At 6:01 EST, as a bunch of South Carolinians were dancing on the floor at Littlejohn Coliseum, a whole bunch of commotion was made when thousands of Franklin Street revelers got refunds on their plane tickets for Minneapolis.
Yes, the Tar Heel bandwagon will slowly start to empty, and the sulking of the soon-to-be former occupants will all sound the same:
Matt Doherty is no longer our deity.
About 222 people want their votes for Julius Peppers back.
Joseph Forte sucks.
As the unofficial voice of reason at the University, I have one simple message to those of you who are now crying into your pillows because you think Duke is going to walk away with the ACC and NCAA titles:
Get a life.
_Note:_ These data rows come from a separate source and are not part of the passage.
lemma set_decode_subset_iff: "set_decode m \<subseteq> S \<longleftrightarrow> (\<forall>i<m. i \<in> set_decode m \<longrightarrow> i \<in> S)"
  using mem_set_decode_less by blast

lemma ex_string_iff: "(\<exists>\<sigma>. P \<sigma>) \<longleftrightarrow> (\<exists>m N. set_decode m \<subseteq> {..<N} \<and> P (char_string (set_decode m) N))"
proof
  assume "\<exists>\<sigma>. P \<sigma>"
  then obtain \<sigma> where "P \<sigma>" ..
  moreover have "finite (string_set \<sigma>)" and "string_set \<sigma> \<subseteq> {..<length \<sigma>}"
    by (auto simp: string_set_def)
  ultimately show "\<exists>m N. set_decode m \<subseteq> {..<N} \<and> P (char_string (set_decode m) N)"
    by (metis char_string_string_set set_encode_inverse)
qed blast

lemma mem_string_codes_iff:
  "z \<in> {prod_encode (string_code \<sigma>, x) | \<sigma> x. (\<sigma>, x) \<in> \<Theta>} \<longleftrightarrow>
    (\<exists>m N x. set_decode m \<subseteq> {..<N} \<and> z = prod_encode (string_code (char_string (set_decode m) N), x)
      \<and> (char_string (set_decode m) N, x) \<in> \<Theta>)"
  using ex_string_iff[of "\<lambda>\<sigma>. \<exists>x. z = prod_encode (string_code \<sigma>, x) \<and> (\<sigma>, x) \<in> \<Theta>"] by blast

text \<open>\<^const>\<open>list_encode\<close> adds entries at the front, so the code of a string is computed
  from its last entry backwards.\<close>

fun suffix_code :: "nat \<Rightarrow> nat \<Rightarrow> nat \<Rightarrow> nat" where
  "suffix_code m N 0 = 0"
| "suffix_code m N (Suc j) =
     Suc (prod_encode (of_bool (N - Suc j \<in> set_decode m), suffix_code m N j))"

lemma suffix_code_eq:
  "j \<le> N \<Longrightarrow> suffix_code m N j = string_code (drop (N - j) (char_string (set_decode m) N))"
proof (induction j)
  case 0
  then show ?case by (simp add: string_code_def)
next
  case (Suc j)
  have "N - Suc j < N" and "Suc (N - Suc j) = N - j"
    using Suc.prems by arith+
  then have "drop (N - Suc j) (char_string (set_decode m) N)
      = (N - Suc j \<in> set_decode m) # drop (N - j) (char_string (set_decode m) N)"
    using Cons_nth_drop_Suc[of "N - Suc j" "char_string (set_decode m) N"] by simp
  with Suc show ?case
    by (simp add: string_code_def)
qed

lemma primrec_fun_string_code_char_string:
  assumes "primrec_fun n a" and "primrec_fun n b"
  shows "primrec_fun n (\<lambda>xs. string_code (char_string (set_decode (a xs)) (b xs)))"
proof -
  have "primrec_fun (Suc (Suc (Suc 0))) (\<lambda>xs. suffix_code (xs ! 1) (xs ! 2) (xs ! 0))"
    by (rule primrec_fun_rec[where g="\<lambda>_. 0" and h="\<lambda>ys.
          Suc (prod_encode (of_bool (ys ! 3 - Suc (ys ! 0) \<in> set_decode (ys ! 2)), ys ! 1))"])
      (simp_all add: primrec_fun_zero primrec_fun_Suc primrec_fun_prod_encode primrec_fun_of_bool
        primrec_pred_mem_set_decode primrec_fun_diff primrec_fun_proj numeral_2_eq_2 numeral_3_eq_3)
  from primrec_fun_comp3[OF this[folded numeral_3_eq_3] assms(2) assms(1) assms(2)]
  show ?thesis
    by (simp add: suffix_code_eq)
qed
Please.
One, Sunday's game meant nothing. The college basketball regular season is as meaningless as the NBA's or the NHL's. Nothing happens until teams start getting eliminated. Nobody -- not even our friends in Thunder Bay, Ontario or Porcupine Plain, Saskatchewan -- gives a rat's ascot about hockey games in November because the Stanley Cup can't be won until June.
Likewise, the ad wizards at the NCAA copyrighted the phrase "March Madness" for a reason. A win or a loss on Feb. 18 does nothin' for nobody -- unless some god-awful, orange-wearing, feline-worshiping program finally wins a game worth remembering.